Given entries:
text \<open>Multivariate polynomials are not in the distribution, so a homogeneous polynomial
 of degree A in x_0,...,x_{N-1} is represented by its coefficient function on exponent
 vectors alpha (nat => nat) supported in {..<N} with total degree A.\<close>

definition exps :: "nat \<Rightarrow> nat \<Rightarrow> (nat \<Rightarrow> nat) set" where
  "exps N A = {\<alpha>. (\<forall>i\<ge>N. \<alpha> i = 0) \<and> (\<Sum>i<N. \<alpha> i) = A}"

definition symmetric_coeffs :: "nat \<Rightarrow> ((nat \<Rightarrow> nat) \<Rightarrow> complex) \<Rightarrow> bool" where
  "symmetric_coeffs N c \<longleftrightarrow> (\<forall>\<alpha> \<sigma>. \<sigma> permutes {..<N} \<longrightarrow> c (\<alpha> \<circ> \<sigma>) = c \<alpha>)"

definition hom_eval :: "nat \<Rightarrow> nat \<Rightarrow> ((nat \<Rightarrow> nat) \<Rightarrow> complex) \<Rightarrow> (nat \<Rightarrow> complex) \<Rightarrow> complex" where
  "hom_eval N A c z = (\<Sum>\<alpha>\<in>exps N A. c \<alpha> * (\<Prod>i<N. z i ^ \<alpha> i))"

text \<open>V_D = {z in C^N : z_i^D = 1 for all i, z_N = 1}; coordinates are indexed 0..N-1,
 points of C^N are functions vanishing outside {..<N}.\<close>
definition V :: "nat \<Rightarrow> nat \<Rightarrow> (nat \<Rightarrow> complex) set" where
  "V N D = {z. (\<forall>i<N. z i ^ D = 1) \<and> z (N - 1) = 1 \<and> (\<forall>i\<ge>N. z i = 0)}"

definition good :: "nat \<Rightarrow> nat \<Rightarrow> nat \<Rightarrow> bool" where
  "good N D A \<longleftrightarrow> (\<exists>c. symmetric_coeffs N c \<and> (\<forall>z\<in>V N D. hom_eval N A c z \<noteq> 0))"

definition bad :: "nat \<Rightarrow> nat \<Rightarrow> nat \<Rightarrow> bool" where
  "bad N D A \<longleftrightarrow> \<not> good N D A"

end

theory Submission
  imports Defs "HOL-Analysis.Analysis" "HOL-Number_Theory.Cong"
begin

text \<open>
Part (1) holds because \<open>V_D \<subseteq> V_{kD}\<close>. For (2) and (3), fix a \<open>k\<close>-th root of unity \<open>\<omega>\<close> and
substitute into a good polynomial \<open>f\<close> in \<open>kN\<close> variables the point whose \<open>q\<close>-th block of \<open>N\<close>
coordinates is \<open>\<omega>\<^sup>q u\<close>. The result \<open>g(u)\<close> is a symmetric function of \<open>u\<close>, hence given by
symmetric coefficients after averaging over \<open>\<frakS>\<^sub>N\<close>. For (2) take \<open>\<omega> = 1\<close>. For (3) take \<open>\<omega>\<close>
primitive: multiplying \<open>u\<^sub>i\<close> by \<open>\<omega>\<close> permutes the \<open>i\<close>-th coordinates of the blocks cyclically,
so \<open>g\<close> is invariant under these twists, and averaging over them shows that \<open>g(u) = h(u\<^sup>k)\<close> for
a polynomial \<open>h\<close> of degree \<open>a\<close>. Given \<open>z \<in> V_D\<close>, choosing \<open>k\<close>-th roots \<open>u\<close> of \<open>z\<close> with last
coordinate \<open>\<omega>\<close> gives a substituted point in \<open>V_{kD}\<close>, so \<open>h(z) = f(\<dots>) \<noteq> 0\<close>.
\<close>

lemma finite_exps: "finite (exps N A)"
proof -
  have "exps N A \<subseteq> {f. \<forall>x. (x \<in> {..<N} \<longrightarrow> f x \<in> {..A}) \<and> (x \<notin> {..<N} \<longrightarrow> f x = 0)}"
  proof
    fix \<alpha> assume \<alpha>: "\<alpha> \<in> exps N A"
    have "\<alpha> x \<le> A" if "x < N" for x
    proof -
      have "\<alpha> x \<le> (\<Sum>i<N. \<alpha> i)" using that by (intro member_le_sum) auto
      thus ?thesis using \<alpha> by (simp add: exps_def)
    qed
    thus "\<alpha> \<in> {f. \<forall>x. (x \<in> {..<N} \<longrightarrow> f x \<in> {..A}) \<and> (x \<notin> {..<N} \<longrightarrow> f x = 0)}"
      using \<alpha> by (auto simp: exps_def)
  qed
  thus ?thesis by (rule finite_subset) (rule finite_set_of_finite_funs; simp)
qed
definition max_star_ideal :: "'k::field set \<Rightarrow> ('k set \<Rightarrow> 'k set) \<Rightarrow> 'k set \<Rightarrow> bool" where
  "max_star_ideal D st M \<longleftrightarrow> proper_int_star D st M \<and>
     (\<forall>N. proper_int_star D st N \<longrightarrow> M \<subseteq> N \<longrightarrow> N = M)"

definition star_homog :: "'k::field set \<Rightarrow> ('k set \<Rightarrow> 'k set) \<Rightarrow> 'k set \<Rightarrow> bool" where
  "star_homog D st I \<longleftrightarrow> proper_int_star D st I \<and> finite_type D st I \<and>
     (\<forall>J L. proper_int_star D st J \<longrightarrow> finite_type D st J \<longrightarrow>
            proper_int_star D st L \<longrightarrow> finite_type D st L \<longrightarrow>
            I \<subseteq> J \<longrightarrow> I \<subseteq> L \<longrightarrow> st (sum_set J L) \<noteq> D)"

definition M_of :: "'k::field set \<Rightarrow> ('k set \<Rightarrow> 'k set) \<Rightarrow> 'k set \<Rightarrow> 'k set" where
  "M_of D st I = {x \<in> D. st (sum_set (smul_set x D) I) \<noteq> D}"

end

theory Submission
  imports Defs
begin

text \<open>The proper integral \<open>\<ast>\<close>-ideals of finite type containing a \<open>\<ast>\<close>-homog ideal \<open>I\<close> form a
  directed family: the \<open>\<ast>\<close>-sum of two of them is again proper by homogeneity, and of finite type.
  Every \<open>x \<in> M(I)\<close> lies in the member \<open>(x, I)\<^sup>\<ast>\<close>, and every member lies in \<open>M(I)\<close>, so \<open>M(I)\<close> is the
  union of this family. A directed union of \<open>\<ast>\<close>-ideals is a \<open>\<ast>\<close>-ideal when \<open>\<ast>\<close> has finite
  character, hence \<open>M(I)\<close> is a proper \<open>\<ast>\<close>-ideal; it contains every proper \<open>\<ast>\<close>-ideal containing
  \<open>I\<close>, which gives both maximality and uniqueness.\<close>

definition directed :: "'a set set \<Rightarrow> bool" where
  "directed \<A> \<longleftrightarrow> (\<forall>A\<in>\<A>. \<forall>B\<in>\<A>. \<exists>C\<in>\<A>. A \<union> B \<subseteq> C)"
==
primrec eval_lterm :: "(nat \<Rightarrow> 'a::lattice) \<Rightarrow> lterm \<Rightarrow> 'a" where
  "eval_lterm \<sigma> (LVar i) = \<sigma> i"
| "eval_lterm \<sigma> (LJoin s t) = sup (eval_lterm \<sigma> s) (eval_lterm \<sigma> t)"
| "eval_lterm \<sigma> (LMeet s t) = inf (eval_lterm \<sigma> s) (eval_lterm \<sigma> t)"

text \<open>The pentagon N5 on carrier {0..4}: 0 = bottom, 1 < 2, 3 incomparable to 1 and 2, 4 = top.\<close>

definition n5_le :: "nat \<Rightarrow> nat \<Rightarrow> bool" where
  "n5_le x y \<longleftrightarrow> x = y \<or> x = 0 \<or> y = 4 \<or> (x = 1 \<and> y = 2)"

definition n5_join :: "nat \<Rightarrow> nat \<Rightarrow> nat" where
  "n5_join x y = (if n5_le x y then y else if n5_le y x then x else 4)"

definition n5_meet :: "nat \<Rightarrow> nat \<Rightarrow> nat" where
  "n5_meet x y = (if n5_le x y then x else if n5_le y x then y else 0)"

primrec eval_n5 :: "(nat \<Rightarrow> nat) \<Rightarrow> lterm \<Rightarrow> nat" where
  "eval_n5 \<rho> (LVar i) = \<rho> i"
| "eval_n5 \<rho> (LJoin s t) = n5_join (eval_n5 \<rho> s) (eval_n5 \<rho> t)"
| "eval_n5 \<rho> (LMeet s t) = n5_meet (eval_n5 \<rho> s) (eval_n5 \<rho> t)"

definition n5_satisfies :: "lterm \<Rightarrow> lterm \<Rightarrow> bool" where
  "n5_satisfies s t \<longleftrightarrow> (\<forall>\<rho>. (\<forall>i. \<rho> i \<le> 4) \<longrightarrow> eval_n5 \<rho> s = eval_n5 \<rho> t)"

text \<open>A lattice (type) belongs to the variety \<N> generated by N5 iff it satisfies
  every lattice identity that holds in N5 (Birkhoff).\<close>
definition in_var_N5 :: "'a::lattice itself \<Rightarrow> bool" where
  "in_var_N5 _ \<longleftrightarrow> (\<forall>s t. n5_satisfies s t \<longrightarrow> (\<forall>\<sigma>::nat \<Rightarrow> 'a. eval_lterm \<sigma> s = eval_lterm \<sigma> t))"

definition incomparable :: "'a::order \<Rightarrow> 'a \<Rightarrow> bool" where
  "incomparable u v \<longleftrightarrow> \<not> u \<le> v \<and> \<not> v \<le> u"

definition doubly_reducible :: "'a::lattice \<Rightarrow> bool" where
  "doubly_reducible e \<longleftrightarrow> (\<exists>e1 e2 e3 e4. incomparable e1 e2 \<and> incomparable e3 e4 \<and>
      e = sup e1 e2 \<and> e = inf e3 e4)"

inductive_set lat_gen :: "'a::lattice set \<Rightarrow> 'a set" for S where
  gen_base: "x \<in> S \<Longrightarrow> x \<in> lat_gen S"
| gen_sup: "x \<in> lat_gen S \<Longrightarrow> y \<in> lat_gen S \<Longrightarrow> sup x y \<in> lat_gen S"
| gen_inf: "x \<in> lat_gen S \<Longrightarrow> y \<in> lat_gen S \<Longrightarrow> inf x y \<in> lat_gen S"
---
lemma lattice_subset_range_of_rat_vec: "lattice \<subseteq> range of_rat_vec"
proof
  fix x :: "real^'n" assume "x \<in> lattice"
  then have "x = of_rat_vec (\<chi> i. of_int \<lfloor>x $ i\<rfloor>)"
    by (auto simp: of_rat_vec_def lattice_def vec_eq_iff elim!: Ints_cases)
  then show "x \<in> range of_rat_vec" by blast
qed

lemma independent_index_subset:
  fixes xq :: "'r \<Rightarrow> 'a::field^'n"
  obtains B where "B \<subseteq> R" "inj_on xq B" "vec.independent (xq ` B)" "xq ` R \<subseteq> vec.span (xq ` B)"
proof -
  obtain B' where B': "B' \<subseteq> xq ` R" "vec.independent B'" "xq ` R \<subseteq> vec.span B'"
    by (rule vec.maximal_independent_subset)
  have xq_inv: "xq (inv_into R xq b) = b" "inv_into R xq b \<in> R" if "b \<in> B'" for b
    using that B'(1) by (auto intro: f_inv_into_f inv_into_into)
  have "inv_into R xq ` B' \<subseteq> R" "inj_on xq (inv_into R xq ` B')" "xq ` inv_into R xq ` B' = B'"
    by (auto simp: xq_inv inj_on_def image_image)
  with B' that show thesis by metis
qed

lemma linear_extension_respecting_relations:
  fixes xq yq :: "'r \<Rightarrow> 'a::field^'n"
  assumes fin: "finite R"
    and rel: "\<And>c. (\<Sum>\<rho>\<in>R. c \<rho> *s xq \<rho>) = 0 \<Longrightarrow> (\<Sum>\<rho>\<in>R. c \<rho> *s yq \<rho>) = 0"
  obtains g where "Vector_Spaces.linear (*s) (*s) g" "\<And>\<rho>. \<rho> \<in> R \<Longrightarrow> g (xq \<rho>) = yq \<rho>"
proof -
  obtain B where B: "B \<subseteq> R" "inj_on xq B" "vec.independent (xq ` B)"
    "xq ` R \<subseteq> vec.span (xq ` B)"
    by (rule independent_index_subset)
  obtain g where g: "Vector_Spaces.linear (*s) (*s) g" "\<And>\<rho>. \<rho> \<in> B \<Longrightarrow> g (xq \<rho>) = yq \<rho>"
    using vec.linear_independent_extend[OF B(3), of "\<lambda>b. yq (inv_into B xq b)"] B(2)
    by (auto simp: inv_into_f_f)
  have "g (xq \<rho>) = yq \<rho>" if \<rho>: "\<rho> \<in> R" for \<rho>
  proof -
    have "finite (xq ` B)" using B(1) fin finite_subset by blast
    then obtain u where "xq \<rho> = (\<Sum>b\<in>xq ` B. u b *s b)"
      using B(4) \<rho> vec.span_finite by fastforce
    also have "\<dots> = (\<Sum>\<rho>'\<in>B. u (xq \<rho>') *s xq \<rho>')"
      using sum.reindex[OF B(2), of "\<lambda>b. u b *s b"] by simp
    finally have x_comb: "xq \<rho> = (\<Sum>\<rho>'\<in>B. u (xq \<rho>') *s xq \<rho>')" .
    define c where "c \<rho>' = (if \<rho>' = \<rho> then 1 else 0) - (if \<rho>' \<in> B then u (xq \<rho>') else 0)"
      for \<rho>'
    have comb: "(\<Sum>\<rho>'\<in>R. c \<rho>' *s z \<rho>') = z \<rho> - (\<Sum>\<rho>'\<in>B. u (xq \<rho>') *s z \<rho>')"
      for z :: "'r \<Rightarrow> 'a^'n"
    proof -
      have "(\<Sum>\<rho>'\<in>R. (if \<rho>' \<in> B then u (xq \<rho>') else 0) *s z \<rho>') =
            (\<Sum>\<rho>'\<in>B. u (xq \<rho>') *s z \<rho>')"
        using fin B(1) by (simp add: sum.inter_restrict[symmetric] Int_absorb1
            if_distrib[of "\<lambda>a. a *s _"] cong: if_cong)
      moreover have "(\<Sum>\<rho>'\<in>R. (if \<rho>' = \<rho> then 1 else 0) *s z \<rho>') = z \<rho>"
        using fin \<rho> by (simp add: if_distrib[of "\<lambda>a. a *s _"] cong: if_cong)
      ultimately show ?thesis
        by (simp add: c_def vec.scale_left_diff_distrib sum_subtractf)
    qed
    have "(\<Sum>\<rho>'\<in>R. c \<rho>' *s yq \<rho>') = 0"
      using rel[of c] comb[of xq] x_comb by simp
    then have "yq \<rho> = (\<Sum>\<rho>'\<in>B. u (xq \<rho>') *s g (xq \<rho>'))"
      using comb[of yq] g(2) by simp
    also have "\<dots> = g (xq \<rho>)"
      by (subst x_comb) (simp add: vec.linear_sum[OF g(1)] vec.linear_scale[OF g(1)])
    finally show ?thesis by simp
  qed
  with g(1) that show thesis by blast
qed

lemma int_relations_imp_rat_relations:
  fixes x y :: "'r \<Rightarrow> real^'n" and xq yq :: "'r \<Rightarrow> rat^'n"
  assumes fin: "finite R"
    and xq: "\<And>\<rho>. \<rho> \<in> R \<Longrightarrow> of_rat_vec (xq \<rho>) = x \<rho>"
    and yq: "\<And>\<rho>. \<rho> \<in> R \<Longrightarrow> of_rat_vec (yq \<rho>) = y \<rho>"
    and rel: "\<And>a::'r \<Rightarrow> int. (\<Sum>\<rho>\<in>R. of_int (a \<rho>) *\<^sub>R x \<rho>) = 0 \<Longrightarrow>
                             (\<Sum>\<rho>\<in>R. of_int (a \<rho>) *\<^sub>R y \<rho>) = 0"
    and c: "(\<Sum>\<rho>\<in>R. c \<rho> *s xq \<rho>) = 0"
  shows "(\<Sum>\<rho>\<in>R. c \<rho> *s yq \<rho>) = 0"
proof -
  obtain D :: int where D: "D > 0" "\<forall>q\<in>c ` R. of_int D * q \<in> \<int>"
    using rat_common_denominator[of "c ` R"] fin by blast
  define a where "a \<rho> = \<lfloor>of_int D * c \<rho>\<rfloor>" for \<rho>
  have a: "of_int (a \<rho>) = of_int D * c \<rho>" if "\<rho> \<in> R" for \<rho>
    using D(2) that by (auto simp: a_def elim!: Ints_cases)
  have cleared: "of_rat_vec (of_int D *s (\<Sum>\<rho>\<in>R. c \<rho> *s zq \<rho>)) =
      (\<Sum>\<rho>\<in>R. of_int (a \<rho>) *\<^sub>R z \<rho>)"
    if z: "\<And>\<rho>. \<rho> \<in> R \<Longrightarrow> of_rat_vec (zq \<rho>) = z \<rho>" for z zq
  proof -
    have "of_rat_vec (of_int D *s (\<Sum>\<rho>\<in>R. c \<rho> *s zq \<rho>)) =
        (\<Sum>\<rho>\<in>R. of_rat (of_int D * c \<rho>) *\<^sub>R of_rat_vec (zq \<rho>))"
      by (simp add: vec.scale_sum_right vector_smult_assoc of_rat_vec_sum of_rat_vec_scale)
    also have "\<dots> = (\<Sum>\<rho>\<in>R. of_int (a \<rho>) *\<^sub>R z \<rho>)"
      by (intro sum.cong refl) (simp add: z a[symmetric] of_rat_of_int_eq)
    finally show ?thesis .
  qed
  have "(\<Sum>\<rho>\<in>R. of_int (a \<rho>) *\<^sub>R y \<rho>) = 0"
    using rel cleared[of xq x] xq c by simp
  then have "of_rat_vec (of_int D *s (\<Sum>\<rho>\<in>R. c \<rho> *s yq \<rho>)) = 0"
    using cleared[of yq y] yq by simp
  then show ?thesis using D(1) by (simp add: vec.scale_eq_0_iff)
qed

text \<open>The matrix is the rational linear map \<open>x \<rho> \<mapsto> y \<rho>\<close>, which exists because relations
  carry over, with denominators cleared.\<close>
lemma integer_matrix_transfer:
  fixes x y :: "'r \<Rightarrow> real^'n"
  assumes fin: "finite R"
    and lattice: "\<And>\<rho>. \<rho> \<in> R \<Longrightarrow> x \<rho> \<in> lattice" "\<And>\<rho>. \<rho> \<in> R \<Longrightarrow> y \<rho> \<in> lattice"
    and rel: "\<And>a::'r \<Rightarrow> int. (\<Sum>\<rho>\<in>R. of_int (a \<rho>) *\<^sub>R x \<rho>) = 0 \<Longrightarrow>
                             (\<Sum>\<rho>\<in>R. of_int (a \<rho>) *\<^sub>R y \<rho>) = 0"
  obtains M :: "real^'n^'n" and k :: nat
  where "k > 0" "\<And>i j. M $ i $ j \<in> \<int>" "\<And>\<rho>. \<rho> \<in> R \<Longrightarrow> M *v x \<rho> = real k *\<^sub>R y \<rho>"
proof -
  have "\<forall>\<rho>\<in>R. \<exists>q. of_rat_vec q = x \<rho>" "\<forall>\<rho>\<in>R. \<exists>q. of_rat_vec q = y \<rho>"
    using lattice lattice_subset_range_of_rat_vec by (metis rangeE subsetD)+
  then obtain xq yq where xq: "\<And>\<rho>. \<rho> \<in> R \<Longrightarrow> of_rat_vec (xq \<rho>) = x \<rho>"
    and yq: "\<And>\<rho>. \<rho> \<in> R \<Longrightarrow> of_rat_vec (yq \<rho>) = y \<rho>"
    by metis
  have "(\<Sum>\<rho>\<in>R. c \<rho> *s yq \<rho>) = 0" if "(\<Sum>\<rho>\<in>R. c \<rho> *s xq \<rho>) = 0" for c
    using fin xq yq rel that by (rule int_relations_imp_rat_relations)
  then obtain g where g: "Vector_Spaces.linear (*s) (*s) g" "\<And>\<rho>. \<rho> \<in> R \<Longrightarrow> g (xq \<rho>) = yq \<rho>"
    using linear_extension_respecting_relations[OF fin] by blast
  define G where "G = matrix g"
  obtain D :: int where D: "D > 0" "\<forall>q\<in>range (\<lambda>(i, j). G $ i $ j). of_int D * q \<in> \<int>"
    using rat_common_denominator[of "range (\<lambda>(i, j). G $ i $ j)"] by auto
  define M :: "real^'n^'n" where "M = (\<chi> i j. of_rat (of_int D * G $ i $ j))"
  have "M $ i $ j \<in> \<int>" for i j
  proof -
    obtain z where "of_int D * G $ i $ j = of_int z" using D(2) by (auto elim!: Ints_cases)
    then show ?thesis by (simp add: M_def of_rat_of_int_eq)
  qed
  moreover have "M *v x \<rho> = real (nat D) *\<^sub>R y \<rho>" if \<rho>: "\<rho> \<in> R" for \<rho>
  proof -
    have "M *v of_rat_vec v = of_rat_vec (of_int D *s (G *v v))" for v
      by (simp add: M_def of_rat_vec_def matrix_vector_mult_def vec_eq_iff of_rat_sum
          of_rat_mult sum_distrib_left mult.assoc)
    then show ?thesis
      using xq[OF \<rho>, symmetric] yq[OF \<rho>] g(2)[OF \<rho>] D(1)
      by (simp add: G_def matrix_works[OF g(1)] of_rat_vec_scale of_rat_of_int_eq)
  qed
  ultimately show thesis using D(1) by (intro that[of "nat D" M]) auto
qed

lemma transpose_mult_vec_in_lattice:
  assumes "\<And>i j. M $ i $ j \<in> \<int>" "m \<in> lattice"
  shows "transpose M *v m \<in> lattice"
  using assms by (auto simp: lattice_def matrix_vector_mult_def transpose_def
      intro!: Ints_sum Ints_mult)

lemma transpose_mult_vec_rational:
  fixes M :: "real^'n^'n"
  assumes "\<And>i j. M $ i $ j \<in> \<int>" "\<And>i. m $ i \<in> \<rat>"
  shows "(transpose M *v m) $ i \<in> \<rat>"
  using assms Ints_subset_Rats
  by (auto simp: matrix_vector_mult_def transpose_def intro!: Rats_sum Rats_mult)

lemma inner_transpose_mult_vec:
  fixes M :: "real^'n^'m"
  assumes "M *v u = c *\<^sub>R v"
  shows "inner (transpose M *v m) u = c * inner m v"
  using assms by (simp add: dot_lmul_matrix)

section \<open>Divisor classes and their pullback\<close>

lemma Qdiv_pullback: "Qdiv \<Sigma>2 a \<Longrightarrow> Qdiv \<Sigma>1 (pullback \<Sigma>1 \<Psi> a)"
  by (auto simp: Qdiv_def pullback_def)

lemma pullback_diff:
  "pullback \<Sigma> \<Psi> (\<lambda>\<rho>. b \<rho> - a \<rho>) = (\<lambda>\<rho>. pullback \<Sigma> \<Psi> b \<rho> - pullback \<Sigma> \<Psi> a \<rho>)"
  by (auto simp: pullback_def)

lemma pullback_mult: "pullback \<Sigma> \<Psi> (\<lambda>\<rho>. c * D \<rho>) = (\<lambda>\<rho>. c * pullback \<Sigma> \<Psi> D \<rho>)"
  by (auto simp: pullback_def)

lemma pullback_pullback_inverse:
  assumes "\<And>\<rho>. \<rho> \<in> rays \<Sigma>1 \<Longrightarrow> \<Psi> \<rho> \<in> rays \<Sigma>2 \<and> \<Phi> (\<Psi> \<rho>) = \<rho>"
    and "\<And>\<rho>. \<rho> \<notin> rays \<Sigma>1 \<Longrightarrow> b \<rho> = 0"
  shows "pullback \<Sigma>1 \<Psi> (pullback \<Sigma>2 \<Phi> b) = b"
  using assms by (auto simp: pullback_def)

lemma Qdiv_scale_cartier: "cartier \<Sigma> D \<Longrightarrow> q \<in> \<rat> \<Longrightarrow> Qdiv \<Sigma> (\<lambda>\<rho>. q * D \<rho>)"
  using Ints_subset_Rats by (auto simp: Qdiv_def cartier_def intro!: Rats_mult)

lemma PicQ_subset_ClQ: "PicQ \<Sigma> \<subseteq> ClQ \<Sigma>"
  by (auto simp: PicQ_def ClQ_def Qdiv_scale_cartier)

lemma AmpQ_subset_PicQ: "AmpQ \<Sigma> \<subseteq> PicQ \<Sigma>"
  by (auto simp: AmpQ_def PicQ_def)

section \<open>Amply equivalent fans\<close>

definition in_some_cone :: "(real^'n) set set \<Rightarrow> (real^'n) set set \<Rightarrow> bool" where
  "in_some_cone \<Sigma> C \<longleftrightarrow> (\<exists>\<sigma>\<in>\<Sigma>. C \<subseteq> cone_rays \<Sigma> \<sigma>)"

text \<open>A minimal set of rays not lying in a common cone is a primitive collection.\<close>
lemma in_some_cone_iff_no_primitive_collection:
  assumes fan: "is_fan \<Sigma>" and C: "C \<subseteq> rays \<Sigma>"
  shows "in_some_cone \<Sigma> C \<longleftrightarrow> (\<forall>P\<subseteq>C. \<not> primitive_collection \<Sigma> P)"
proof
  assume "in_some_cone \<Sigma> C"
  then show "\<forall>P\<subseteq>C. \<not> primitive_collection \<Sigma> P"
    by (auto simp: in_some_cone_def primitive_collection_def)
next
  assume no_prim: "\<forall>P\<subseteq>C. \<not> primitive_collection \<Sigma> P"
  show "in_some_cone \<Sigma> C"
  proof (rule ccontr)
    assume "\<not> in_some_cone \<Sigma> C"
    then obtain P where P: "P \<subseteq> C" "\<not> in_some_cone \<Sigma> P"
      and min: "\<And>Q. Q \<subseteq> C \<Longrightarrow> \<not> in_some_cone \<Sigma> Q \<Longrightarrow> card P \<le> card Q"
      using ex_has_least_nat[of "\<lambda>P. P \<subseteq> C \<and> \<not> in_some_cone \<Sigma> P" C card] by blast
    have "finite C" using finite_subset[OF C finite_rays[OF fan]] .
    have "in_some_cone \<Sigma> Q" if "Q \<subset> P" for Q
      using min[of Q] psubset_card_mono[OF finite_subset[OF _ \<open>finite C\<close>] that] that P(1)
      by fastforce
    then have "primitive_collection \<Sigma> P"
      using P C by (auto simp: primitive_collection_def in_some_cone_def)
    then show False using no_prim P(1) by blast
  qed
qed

What is being asked:
With the line that has "using assms Ints_subset_Rats" as the first and the line that has "section \<open>Divisor classes" as the last, repeat exactly that run of lines above and no more.

Answer to this exercise:
  using assms Ints_subset_Rats
  by (auto simp: matrix_vector_mult_def transpose_def intro!: Rats_sum Rats_mult)

lemma inner_transpose_mult_vec:
  fixes M :: "real^'n^'m"
  assumes "M *v u = c *\<^sub>R v"
  shows "inner (transpose M *v m) u = c * inner m v"
  using assms by (simp add: dot_lmul_matrix)

section \<open>Divisor classes and their pullback\<close>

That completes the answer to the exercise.